As reported, CENPA functions as an oncogenic and is overexpressed in numerous cancers, including clear cell renal cell carcinoma, ovarian cancer, and breast cancer.38–40 Furthermore, CENPA is abundantly expressed in HCC tissues and CENPA silencing diminishes proliferation and enhances apoptosis in HCC cells.41 In addition, a former study unveiled the implication of CENPA downregulation in Sig-1R deficiency-caused elevations in ROS levels in beta cells, partially concurrent with our result.42 Importantly, CENPA has been confirmed as a transcription activator.43 Intriguingly, both STMN1 and CENPA has been observed to be upregulated in HCC.44 Therefore, CENPA might transcriptionally activate STMN1 to induce the development of HCC. Of note, our dual-luciferase and ChIP assays demonstrated that CENPA bound to STMN1 promoter to induce STMN1 transcription. Further rescue experiments unraveled that overexpression of STMN1 nullified the effects of CENPA silencing on the growth and ferroptosis of HCC cells. It should be noted that the role of CENPA in ferroptosis has been rarely reported. However, STMN1 has been reported to as an important ferrGene in coronary artery disease,45 soft tissue sarcoma,46 adrenocortical carcinoma.47 Similarly, the research of Wang et al.48 exhibited that STMN1 was a ferrGene that correlated to the poor survival of HCC. Moreover, STMN1 was identified as a prognostically relevant methylation-driven ferrGene in HCC, with diminished methylation level of STMN1 found in HCC tissues.49 Nevertheless, the specific regulatory mechanism of STMN1 in ferroptosis still remains elusive.
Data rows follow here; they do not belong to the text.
lemma In_mult_basis_top_left:
  assumes "n \<ge> 1" "y \<in> In_carrier n"
  shows "In_mult n (basis n) y = (\<lambda>k. drop_top n y k + 2 * y n * basis n k)"
  using In_mult_decomp[OF assms, of "basis n"] by (simp add: dot_basis_top_left) (simp add: basis_def)

lemma In_mult_lower_left:
  assumes "n \<ge> 1" "y \<in> In_carrier n" "x n = 0"
  shows "In_mult n x y = (\<lambda>k. dot n x y * basis n k)"
  using In_mult_decomp[OF assms(1,2)] assms(3) by simp

lemma In_mult_scale_left: "In_mult n (vscale a x) y = vscale a (In_mult n x y)"
  unfolding In_mult_def vscale_def by (rule ext) (simp add: sum_distrib_left algebra_simps)

lemma In_mult_scale_right: "In_mult n x (vscale a y) = vscale a (In_mult n x y)"
  unfolding In_mult_def vscale_def by (rule ext) (simp add: sum_distrib_left algebra_simps)

lemma In_mult_zero_left: "In_mult n vzero y = vzero"
  unfolding In_mult_def vzero_def by (rule ext) simp

lemma In_mult_zero_right: "In_mult n x vzero = vzero"
  unfolding In_mult_def vzero_def by (rule ext) simp

lemma linear_op_in_In_carrier: "is_linear_op n R \<Longrightarrow> x \<in> In_carrier n \<Longrightarrow> R x \<in> In_carrier n"
  unfolding is_linear_op_def by blast

lemma linear_op_vadd:
  "is_linear_op n R \<Longrightarrow> x \<in> In_carrier n \<Longrightarrow> y \<in> In_carrier n \<Longrightarrow> R (vadd x y) = vadd (R x) (R y)"
  unfolding is_linear_op_def by blast

lemma linear_op_vscale: "is_linear_op n R \<Longrightarrow> x \<in> In_carrier n \<Longrightarrow> R (vscale c x) = vscale c (R x)"
  unfolding is_linear_op_def by blast

lemma linear_op_scale:
  "is_linear_op n R \<Longrightarrow> x \<in> In_carrier n \<Longrightarrow> R (\<lambda>k. a * x k) = (\<lambda>k. a * R x k)"
  using linear_op_vscale by (simp add: vscale_def)
(* Let $\mathcal{F}^\mathcal{P}=(\mu_n,\mathcal{S}_n,L_n,\pi_n)_{n\ge1}$ be the family of product chains induced by $\mathcal{F}$ and $\mathcal{P}$. Then $\mathcal{F}^\mathcal{P}$ has an $L^2$-cutoff if and only if there is a sequence $t_n>0$ such that \[\lim_{n\to\infty}\sum_{i=1}^{\ell_n}d_{n,i,2}(\mu_{n,i},ap_{n,i}t_n)^2=\begin{cases}0,&a>1,\\ \infty,&0<a<1.\end{cases}\] Further, with $\mathcal{T}_n(\epsilon)=\min\{t\ge0:\sum_{i=1}^{\ell_n}d_{n,i,2}(\mu_{n,i},p_{n,i}t)^2\le\epsilon\}$, one has \[T_{n,2}(\mu_n,\sqrt{e^\epsilon-1})\le\mathcal{T}_n(\epsilon)\le T_{n,2}(\mu_n,\sqrt\epsilon)\quad\text{for all }\epsilon>0.\]
   Context: $\mathcal{F}=\{(\mu_{n,i},\mathcal{S}_{n,i},L_{n,i},\pi_{n,i}):1\le i\le\ell_n,n\ge1\}$ is a triangular array of irreducible continuous-time finite Markov chains (initial distribution $\mu_{n,i}$, generator $L_{n,i}$, stationary distribution $\pi_{n,i}$), and $\mathcal{P}=\{p_{n,i}>0\}$ a triangular array with $\sum_{i=1}^{\ell_n}p_{n,i}\le1$. The product chain has $\mathcal{S}_n=\prod_i\mathcal{S}_{n,i}$, $\mu_n=\mu_{n,1}\times\dots\times\mu_{n,\ell_n}$, $\pi_n=\pi_{n,1}\times\dots\times\pi_{n,\ell_n}$ and $L_n=\sum_{i=1}^{\ell_n}p_{n,i}I_{n,1}\otimes\dots\otimes I_{n,i-1}\otimes L_{n,i}\otimes I_{n,i+1}\otimes\dots\otimes I_{n,\ell_n}$ ($I_{n,i}$ identity on $\mathcal{S}_{n,i}$). For a continuous-time chain, $d_2(\mu,t)=\big(\sum_y|\mu e^{tL}(y)/\pi(y)-1|^2\pi(y)\big)^{1/2}$; $d_{n,2}$, $d_{n,i,2}$ are these for the product chain and the $(n,i)$ component, and $T_{n,2}(\mu_n,\epsilon)=\min\{t\ge0:d_{n,2}(\mu_n,t)\le\epsilon\}$. $L^2$-cutoff: there is $t_n>0$ with $d_{n,2}(\mu_n,(1+a)t_n)\to0$ and $d_{n,2}(\mu_n,(1-a)t_n)\to\infty$ for all $a\in(0,1)$. *)

theory Defs
  imports "HOL-Analysis.Analysis"
begin

text \<open>A generator (Q-matrix) on a finite nonempty state space S, given as a function
  on S x S; values outside S are irrelevant.\<close>
definition generator :: "'a set \<Rightarrow> ('a \<Rightarrow> 'a \<Rightarrow> real) \<Rightarrow> bool" where
  "generator S L \<longleftrightarrow> finite S \<and> S \<noteq> {} \<and>
     (\<forall>x\<in>S. \<forall>y\<in>S. x \<noteq> y \<longrightarrow> 0 \<le> L x y) \<and>
     (\<forall>x\<in>S. (\<Sum>y\<in>S. L x y) = 0)"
In conclusion, our findings elucidated that CENPA attenuated the ferroptosis of HCC cells by transcriptionally activating STMN1, thus inducing HCC cell growth (Fig. 8). This study provides novel mechanistic understanding and molecular targets for the treatment of HCC. However, the data for the construction of the present prognostic risk model were obtained from public databases. Transcriptome sequencing may obtain more representative results if they are available for analysis in subsequent studies. Moreover, in vivo experiments are needed to further substantiate the findings.